Each spring semester issue, a senior will reflect on an aspect of their experiences at Roseville High School. Guest Delaney Grimes writes the second installment of Letters from a Senior.

Time management has been interwoven into each of our lives since we were young.

In middle school these skills are put to the test, in high school we are coerced into mastering them through the relentless hours of work. It’s commonly believed that teachers are unaware of the fact their students have responsibilities outside of the their classroom.

The truth is, teachers are more than aware of this reality than they lead us to believe. The issue is that many of them expect that at this stage in the game, we have mastered our daily routines. We cannot avoid this controversy; our only option as students is to adapt to the rigor presented on our paths to educated lives, while avoiding failure.

A difficult task to take on, I agree, but a substantial element of achieving ideal time management is avoiding procrastination.  As teenagers, we tend to overestimate our abilities– especially when it comes to how well we can complete an assignment in a limited period of time.  Not only does this constrain our ability to produce exceptional work, but it heightens the stress that is already consuming us. Procrastination is a choice, one that I myself am guilty of. I am able to tell you that the concept “due tomorrow, do tomorrow” is not one that I would advocate.
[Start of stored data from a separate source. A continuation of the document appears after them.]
lemma perturbation_set_separating_hyperplane:
  fixes f :: "'a \<Rightarrow> real" and h :: "'k::finite \<Rightarrow> 'a \<Rightarrow> real"
  assumes convexlike: "\<And>x y u v. x \<in> C \<Longrightarrow> y \<in> C \<Longrightarrow> 0 \<le> u \<Longrightarrow> 0 \<le> v \<Longrightarrow> u + v = 1 \<Longrightarrow>
      \<exists>z\<in>C. u * f x + v * f y \<le> f z \<and> (\<forall>k. h k z \<le> u * h k x + v * h k y)"
    and xs: "xs \<in> C" "\<And>k. h k xs \<le> 0"
    and max: "\<And>x. x \<in> C \<Longrightarrow> \<forall>k. h k x \<le> 0 \<Longrightarrow> f x \<le> f xs"
  shows "\<exists>(mu :: real^'k) nu0 b. (mu, nu0) \<noteq> 0 \<and> (\<forall>k. mu $ k \<le> 0) \<and> nu0 \<ge> 0 \<and>
    (\<forall>u t. (u, t) \<in> perturbation_set C f h \<longrightarrow> mu \<bullet> u + nu0 * t \<le> b) \<and>
    (\<forall>t > f xs. b \<le> nu0 * t)"
proof -
  let ?S = "perturbation_set C f h" and ?T = "{0 :: real^'k} \<times> {f xs<..}"
  have memS: "(u, t) \<in> ?S" if "x \<in> C" "\<And>k. h k x \<le> u $ k" "t \<le> f x" for x u t
    using that unfolding perturbation_set_def by auto
  have xsS: "(0, f xs) \<in> ?S"
    by (rule memS[OF xs(1)]) (simp_all add: xs(2))
  have "?S \<inter> ?T = {}"
    using max unfolding perturbation_set_def by force
  moreover have "convex ?T"
    by (intro convex_Times convex_singleton convex_real_interval)
  moreover have "?T \<noteq> {}" by auto
  ultimately obtain a b where "a \<noteq> 0" and below: "\<forall>w\<in>?S. inner a w \<le> b" and above: "\<forall>w\<in>?T. b \<le> inner a w"
    using separating_hyperplane_sets[OF convex_perturbation_set[OF convexlike]] xsS by blast
  obtain mu nu0 where a: "a = (mu, nu0)" by (cases a)
  have below': "mu \<bullet> u + nu0 * t \<le> b" if "(u, t) \<in> ?S" for u t
    using below that a by auto
  have above': "b \<le> nu0 * t" if "f xs < t" for t
    using above that a by auto
  have "mu $ k \<le> 0" for k
  proof (rule nonpos_if_multiples_bounded)
    fix M :: real assume "0 \<le> M"
    then have "h j xs \<le> axis k M $ j" for j
      using xs(2)[of j] by (cases "j = k") (simp_all add: axis_def)
    then have "mu \<bullet> axis k M + nu0 * f xs \<le> b"
      by (intro below' memS[OF xs(1)]) simp_all
    then show "mu $ k * M \<le> b - nu0 * f xs"
      by (simp add: inner_axis)
  qed
  moreover have "nu0 * f xs \<le> b" "b \<le> nu0 * (f xs + 1)"
    using below'[OF xsS] above' by simp_all
  then have "nu0 \<ge> 0" by (simp add: distrib_left)
  ultimately show ?thesis
    using \<open>a \<noteq> 0\<close> a below' above' by blast
qed
section \<open>The pointwise wealth bound\<close>

lemma wealth_eq_sum:
  "wealth W0 phi psi al w u p n = W0 + (\<Sum>t\<in>{1..n}.
     (if rej al w u p t then psi t (rej_hist al w u p (t - 1)) else 0) - phi t (rej_hist al w u p (t - 1)))"
proof (induction n)
  case (Suc n)
  have "wealth W0 phi psi al w u p (Suc n) = wealth W0 phi psi al w u p n - phi (Suc n) (rej_hist al w u p n)
     + (if rej al w u p (Suc n) then psi (Suc n) (rej_hist al w u p n) else 0)"
    by (simp only: wealth.simps)
  with Suc.IH show ?case by simp
qed simp

lemma wealth_nonneg:
  assumes "0 \<le> W0"
    and "\<And>t. 1 \<le> t \<Longrightarrow> phi t (rej_hist al w u p (t - 1)) \<le> wealth W0 phi psi al w u p (t - 1)"
    and "\<And>t. 1 \<le> t \<Longrightarrow> 0 \<le> psi t (rej_hist al w u p (t - 1))"
  shows "0 \<le> wealth W0 phi psi al w u p n"
proof (induction n)
  case (Suc n)
  with assms(2,3)[of "Suc n"] show ?case by (simp del: rej_hist.simps)
qed (simp add: assms(1))

lemma obtain_first_rejection:
  assumes "rej al w u p t" and "t \<le> T"
  obtains t0 where "t0 \<in> {1..T}" "rej al w u p t0" "no_rej_before (rej_hist al w u p (t0 - 1)) t0"
proof -
  define t0 where "t0 = (LEAST t. rej al w u p t)"
  have rej_t0: "rej al w u p t0" using assms(1) unfolding t0_def by (rule LeastI)
  have "t0 \<le> t" using assms(1) unfolding t0_def by (rule Least_le)
  moreover have "1 \<le> t0" using rej_t0 by (rule rej_imp_ge_1)
  moreover have "\<not> rej al w u p s" if "s < t0" for s
    using not_less_Least[of s "rej al w u p"] that unfolding t0_def by blast
  then have "no_rej_before (rej_hist al w u p (t0 - 1)) t0"
    by (auto simp: no_rej_before_def rej_hist_iff)
  ultimately show ?thesis using rej_t0 assms(2) by (intro that) auto
qed

lemma initial_wealth_budget:
  assumes "0 \<le> W0" "W0 \<le> a" and u_pos: "\<And>t h. 1 \<le> t \<Longrightarrow> 0 < u t h"
  shows "W0 + (\<Sum>t\<in>{1..T}. if rej al w u p t then u t (rej_hist al w u p (t - 1))
              * b_coef a W0 u t (rej_hist al w u p (t - 1)) else 0)
         \<le> a * max (R_u al w u p T) 1"
proof -
  define h where "h t = rej_hist al w u p (t - 1)" for t
  define first where "first t \<longleftrightarrow> rej al w u p t \<and> no_rej_before (h t) t" for t
  define N where "N = (\<Sum>t\<in>{1..T}. if first t then 1 else 0 :: real)"
  have "(if rej al w u p t then u t (h t) * b_coef a W0 u t (h t) else 0)
      = a * (if rej al w u p t then u t (h t) else 0) - W0 * (if first t then 1 else 0)"
    if "t \<in> {1..T}" for t
    using u_pos[of t "h t"] that by (simp add: b_coef_def first_def right_diff_distrib)
  then have sum_eq: "(\<Sum>t\<in>{1..T}. if rej al w u p t then u t (h t) * b_coef a W0 u t (h t) else 0)
      = a * R_u al w u p T - W0 * N"
    unfolding R_u_def N_def h_def by (simp add: sum_subtractf sum_distrib_left)
  show ?thesis
  proof (cases "\<exists>t\<in>{1..T}. rej al w u p t")
    case True
    then obtain t0 where "t0 \<in> {1..T}" "first t0"
      using obtain_first_rejection unfolding first_def h_def by (metis atLeastAtMost_iff)
    then have "1 \<le> N"
      unfolding N_def using member_le_sum[of t0 "{1..T}" "\<lambda>t. if first t then 1 else 0 :: real"]
      by simp
    then have "W0 \<le> W0 * N" using \<open>0 \<le> W0\<close> mult_left_mono[of 1 N W0] by simp
    moreover have "0 \<le> a" using assms(1,2) by simp
    ultimately show ?thesis unfolding h_def[symmetric] sum_eq
      using mult_left_mono[of "R_u al w u p T" "max (R_u al w u p T) 1" a] by simp
  next
    case False
    then show ?thesis using assms(2) by (simp add: R_u_def)
  qed
qed

text \<open>The \<open>max 0\<close> matters only on unrealised histories, where \<open>\<phi>\<close> may be negative.\<close>

definition rejection_gain :: "real \<Rightarrow> real \<Rightarrow> (nat \<Rightarrow> (nat \<Rightarrow> bool) \<Rightarrow> real)
    \<Rightarrow> (nat \<Rightarrow> (nat \<Rightarrow> bool) \<Rightarrow> real) \<Rightarrow> (nat \<Rightarrow> (nat \<Rightarrow> bool) \<Rightarrow> real)
    \<Rightarrow> (nat \<Rightarrow> (nat \<Rightarrow> bool) \<Rightarrow> real) \<Rightarrow> (nat \<Rightarrow> (nat \<Rightarrow> bool) \<Rightarrow> real)
    \<Rightarrow> nat \<Rightarrow> (nat \<Rightarrow> bool) \<Rightarrow> real" where
  "rejection_gain a W0 al w u phi psi t h =
     (if al t h \<noteq> 0 then max 0 (phi t h) / (al t h * u t h * w t h)
      else max 0 (u t h + psi t h - u t h * b_coef a W0 u t h))"

lemma rejection_gain_nonneg:
  "0 \<le> al t h \<Longrightarrow> 0 < u t h \<Longrightarrow> 0 < w t h \<Longrightarrow> 0 \<le> rejection_gain a W0 al w u phi psi t h"
  by (simp add: rejection_gain_def)

lemma threshold_mult_rejection_gain_le:
  "0 \<le> phi t h \<Longrightarrow> 0 < u t h \<Longrightarrow> 0 < w t h \<Longrightarrow>
     al t h * u t h * w t h * rejection_gain a W0 al w u phi psi t h \<le> phi t h"
  by (simp add: rejection_gain_def)

lemma rejection_gain_ge:
  assumes "0 \<le> phi t h"
    and "al t h \<noteq> 0 \<Longrightarrow> psi t h \<le> phi t h / (u t h * w t h * al t h) + u t h * b_coef a W0 u t h - u t h"
  shows "u t h + psi t h - u t h * b_coef a W0 u t h \<le> rejection_gain a W0 al w u phi psi t h"
  using assms by (auto simp: rejection_gain_def ac_simps)

definition excess :: "real \<Rightarrow> real \<Rightarrow> (nat \<Rightarrow> (nat \<Rightarrow> bool) \<Rightarrow> real)
    \<Rightarrow> (nat \<Rightarrow> (nat \<Rightarrow> bool) \<Rightarrow> real) \<Rightarrow> (nat \<Rightarrow> (nat \<Rightarrow> bool) \<Rightarrow> real)
    \<Rightarrow> (nat \<Rightarrow> (nat \<Rightarrow> bool) \<Rightarrow> real) \<Rightarrow> (nat \<Rightarrow> (nat \<Rightarrow> bool) \<Rightarrow> real)
    \<Rightarrow> (nat \<Rightarrow> real) \<Rightarrow> nat \<Rightarrow> real" where
  "excess a W0 al w u phi psi p t =
     (if rej al w u p t then rejection_gain a W0 al w u phi psi t (rej_hist al w u p (t - 1)) else 0)
     - phi t (rej_hist al w u p (t - 1))"
(* There exists a countable two-dimensional subshift of finite type $X$ that has infinitely many periodic points and whose subpattern poset $(X/\!\approx, \succcurlyeq)$ contains an infinite antichain.
   Context: A two-dimensional SFT is the set of configurations in $S^{\mathbb{Z}^2}$ ($S$ finite) avoiding a finite set of forbidden finite patterns. For configurations $x,y$, $x \succcurlyeq y$ means every finite pattern occurring in $y$ also occurs in $x$; $x \approx y$ means $x \succcurlyeq y$ and $y \succcurlyeq x$. The subpattern poset of $X$ is $(X/\!\approx, \succcurlyeq)$. An antichain is a set of pairwise incomparable elements. *)

theory Defs
  imports Main "HOL-Library.Countable_Set"
begin

type_synonym 'a config = "int \<times> int \<Rightarrow> 'a"
type_synonym 'a pattern = "int \<times> int \<Rightarrow> 'a option"

definition vadd :: "int \<times> int \<Rightarrow> int \<times> int \<Rightarrow> int \<times> int" where
  "vadd u v = (fst u + fst v, snd u + snd v)"

definition shift :: "int \<times> int \<Rightarrow> 'a config \<Rightarrow> 'a config" where
  "shift v x = (\<lambda>u. x (vadd u v))"

definition is_pattern :: "'a pattern \<Rightarrow> bool" where
  "is_pattern p \<longleftrightarrow> finite (dom p)"

definition occurs :: "'a pattern \<Rightarrow> 'a config \<Rightarrow> bool" where
  "occurs p x \<longleftrightarrow> (\<exists>v. \<forall>u\<in>dom p. p u = Some (x (vadd u v)))"

definition is_SFT :: "'a set \<Rightarrow> 'a config set \<Rightarrow> bool" where
  "is_SFT S X \<longleftrightarrow> finite S \<and> (\<exists>F. finite F \<and> (\<forall>p\<in>F. is_pattern p) \<and>
      X = {x. (\<forall>u. x u \<in> S) \<and> (\<forall>p\<in>F. \<not> occurs p x)})"

definition subpat_ge :: "'a config \<Rightarrow> 'a config \<Rightarrow> bool" (infix "\<succcurlyeq>" 50) where
  "x \<succcurlyeq> y \<longleftrightarrow> (\<forall>p. is_pattern p \<longrightarrow> occurs p y \<longrightarrow> occurs p x)"

definition subpat_equiv :: "'a config \<Rightarrow> 'a config \<Rightarrow> bool" where
  "subpat_equiv x y \<longleftrightarrow> x \<succcurlyeq> y \<and> y \<succcurlyeq> x"

definition periodic :: "'a config \<Rightarrow> bool" where
  "periodic x \<longleftrightarrow> finite (range (\<lambda>v. shift v x))"

definition subpat_classes :: "'a config set \<Rightarrow> 'a config set set" where
  "subpat_classes X = (\<lambda>x. {y\<in>X. subpat_equiv x y}) ` X"

definition class_ge :: "'a config set \<Rightarrow> 'a config set \<Rightarrow> bool" where
  "class_ge C D \<longleftrightarrow> (\<forall>x\<in>C. \<forall>y\<in>D. x \<succcurlyeq> y)"

definition antichain_in :: "'a config set \<Rightarrow> 'a config set set \<Rightarrow> bool" where
  "antichain_in X A \<longleftrightarrow> A \<subseteq> subpat_classes X \<and>
     (\<forall>C\<in>A. \<forall>D\<in>A. C \<noteq> D \<longrightarrow> \<not> class_ge C D \<and> \<not> class_ge D C)"

end

theory Submission
  imports Defs
begin

(*
  We construct an explicit two-dimensional SFT Lines over the alphabet {0,...,5}.  A
  configuration of Lines is a superposition of complete vertical lines (symbol 5),
  horizontal lines (4) and diagonal lines (3); lines may only cross at points where all
  three families meet (symbol 2).  The blank symbols 0 and 1 record, along every row,
  whether the last line to the left was vertical or diagonal, so that vertical and
  diagonal lines alternate along rows, and horizontal and diagonal lines along columns.

  Countability: the columns, rows and diagonals carrying lines are each finite or
  periodic sets of integers (alternation and triple crossings force the vertical and the
  horizontal line sets to be translates of each other), there are only countably many
  such sets, and the three line sets together with the symbol at the origin determine
  a configuration.

  Periodic points and antichain: for every n >= 2 the n-periodic grid with lines
  through all multiples of n lies in Lines, and grids with different n are incomparable:
  the horizontal segment between two consecutive crossings of one grid does not occur in
  the other.
*)

lemma int_step_invariant:
  fixes f :: "int \<Rightarrow> bool"
  assumes "\<And>k. f k \<longleftrightarrow> f (k + 1)"
  shows "f k \<longleftrightarrow> f 0"
proof (induct k rule: int_induct[where k=0])
  case base then show ?case by simp
next
  case (step1 i) then show ?case using assms[of i] by simp
next
  case (step2 i) then show ?case using assms[of "i - 1"] by simp
qed

(* A sequence that, started in T, can only move into U \<subseteq> T or hit the marker c, must
   hit c before leaving U.  This is how the local rules force lines to alternate. *)
lemma marker_between:
  fixes f :: "int \<Rightarrow> 'a"
  assumes step: "\<And>k. f k \<in> T \<Longrightarrow> f (k + 1) \<in> U \<union> {c}"
    and "U \<subseteq> T" and "f p \<in> T" and "p < q" and "f q \<notin> U \<union> {c}"
  shows "\<exists>d. p < d \<and> d < q \<and> f d = c"
proof (rule ccontr)
  assume "\<not> ?thesis"
  then have no_c: "f r \<noteq> c" if "p < r" "r \<le> q" for r
    using that assms(5) by (cases "r = q") auto
  have "f r \<in> U" if "p + 1 \<le> r" "r \<le> q" for r
    using that
  proof (induct r rule: int_ge_induct)
    case base
    then show ?case using step[OF assms(3)] no_c[of "p + 1"] by simp
  next
    case (step r)
    then show ?case using assms(1,2) no_c[of "r + 1"] by auto
  qed
  then show False using assms(4,5) by auto
qed

definition vline :: "nat \<Rightarrow> bool" where "vline s \<longleftrightarrow> s = 2 \<or> s = 5"
definition hline :: "nat \<Rightarrow> bool" where "hline s \<longleftrightarrow> s = 2 \<or> s = 4"
definition dline :: "nat \<Rightarrow> bool" where "dline s \<longleftrightarrow> s = 2 \<or> s = 3"

definition right_ok :: "nat \<Rightarrow> nat \<Rightarrow> bool" where
  "right_ok s t \<longleftrightarrow> (hline s \<longleftrightarrow> hline t) \<and> (s = 5 \<longrightarrow> t \<in> {0,3}) \<and> (s = 0 \<longrightarrow> t \<in> {0,3})
     \<and> (s = 1 \<longrightarrow> t \<in> {1,5}) \<and> (s = 3 \<longrightarrow> t \<in> {1,5}) \<and> (t = 0 \<longrightarrow> s \<in> {0,5}) \<and> (t = 1 \<longrightarrow> s \<in> {1,3})"

definition up_ok :: "nat \<Rightarrow> nat \<Rightarrow> bool" where
  "up_ok s t \<longleftrightarrow> (vline s \<longleftrightarrow> vline t) \<and> (s = 4 \<longrightarrow> t \<in> {1,3}) \<and> (s = 1 \<longrightarrow> t \<in> {1,3})
     \<and> (s = 0 \<longrightarrow> t \<in> {0,4}) \<and> (t = 0 \<longrightarrow> s \<in> {0,3}) \<and> (t = 1 \<longrightarrow> s \<in> {1,4})"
Teachers are incessantly telling us “not to wait until the last minute” but this request has become a stage for antics about waiting until the last minute. That would be my advice to anyone in the education system, or anyone at all for that matter: do not wait. The older we get, the more coerced we are into believing that you can’t teach an old dog new tricks but the fact of the matter is, it is not too late for any of us, even me.

Do not let the wicked tendencies of time management preempt your capacity to yield exceptional work.  We all have the innate ability to be successful, however procrastination will be an inevitable and unavoidable temptation in our lives, one we must evade to move toward a successful life. Of all the evils I have faced in high school, procrastination has been the most menacing to overcome.

We are regularly instructed to use our time wisely, but when the repetitiveness of this desensitizes its significance, it loses its power of influence.